theorem fact2p8:
  fixes S :: "('a::{field,finite} ^ 'n) set set"
  assumes "CARD('n) \<ge> 3"
    and "S \<subseteq> pvp_vertices" and "S \<noteq> {}"
  shows "pvp_expansion S \<ge> 1 - real (card S) / real (card (pvp_vertices :: ('a ^ 'n) set set))
                              - 3 / real CARD('a)"
proof -
  interpret affine_incidence_geometry "{L. affine_line L}" "pvp_vertices :: ('a ^ 'n) set set"
    "CARD('a)" "CARD('n)"
    by (rule affine_incidence_geometry_affine_space[OF assms(1)])
  have "{(P, Q). P \<in> S \<and> Q \<notin> S \<and> pvp_edge P Q}
      = {(P, Q). P \<in> S \<and> Q \<in> pvp_vertices \<and> Q \<notin> S \<and> P \<inter> Q \<in> {L. affine_line L}}"
    "{(P, Q). P \<in> S \<and> pvp_edge P Q} = {(P, Q). P \<in> S \<and> Q \<in> pvp_vertices \<and> P \<inter> Q \<in> {L. affine_line L}}"
    using assms(2) unfolding pvp_edge_def by auto
  then show ?thesis
    unfolding pvp_expansion_def using edge_expansion_ge[OF assms(2,3)] by simp
qed

end
text \<open>State after n decision steps: (history, None) if still running,
  (history, Some out) if stopped with output out.\<close>
fun run :: "policy \<Rightarrow> (bool \<Rightarrow> real) \<Rightarrow> nat \<Rightarrow> (history \<times> bool option option) pmf" where
  "run A mu 0 = return_pmf ([], None)"
| "run A mu (Suc n) = bind_pmf (run A mu n) (\<lambda>(h, s).
     case s of
       Some out \<Rightarrow> return_pmf (h, Some out)
     | None \<Rightarrow> bind_pmf (A h) (\<lambda>act. case act of
           Stop out \<Rightarrow> return_pmf (h, Some out)
         | Pull a \<Rightarrow> map_pmf (\<lambda>r. (h @ [(a, r)], None)) (bernoulli_pmf (mu a))))"

definition out_prob :: "policy \<Rightarrow> (bool \<Rightarrow> real) \<Rightarrow> bool option \<Rightarrow> real" where
  "out_prob A mu out = (SUP n. measure_pmf.prob (run A mu n) {x. snd x = Some out})"

text \<open>Expected number of arm pulls: E[T] = sum_n P(T > n); T > n iff the process is
  still running after n+1 decision steps.\<close>
definition expected_pulls :: "policy \<Rightarrow> (bool \<Rightarrow> real) \<Rightarrow> ennreal" where
  "expected_pulls A mu = (\<Sum>n. ennreal (measure_pmf.prob (run A mu (Suc n)) {x. snd x = None}))"

definition inst :: "real \<Rightarrow> bool \<Rightarrow> bool \<Rightarrow> real" where
  "inst \<delta> opt = (\<lambda>a. if a = opt then 1/2 + \<delta>/2 else 1/2 - \<delta>/2)"

text \<open>(delta,alpha)-BAIF: on every instance, P(FAIL) \<le> 1/8 and
  P(return optimal) \<ge> (1 - alpha) * P(not FAIL), i.e. conditioned on not failing
  the optimal arm is returned w.p. \<ge> 1 - alpha.\<close>
definition solves_BAIF :: "policy \<Rightarrow> real \<Rightarrow> real \<Rightarrow> bool" where
  "solves_BAIF A \<delta> \<alpha> \<longleftrightarrow> (\<forall>opt.
     out_prob A (inst \<delta> opt) None \<le> 1/8 \<and>
     out_prob A (inst \<delta> opt) (Some opt) \<ge>
       (1 - \<alpha>) * (out_prob A (inst \<delta> opt) (Some opt) + out_prob A (inst \<delta> opt) (Some (\<not> opt))))"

☆ ☆ ☆

▸ **What is being asked**
For every line of the listing above that contains "open", add one, and report the final tally with no other words.

▸ **Answer to the exercise**
3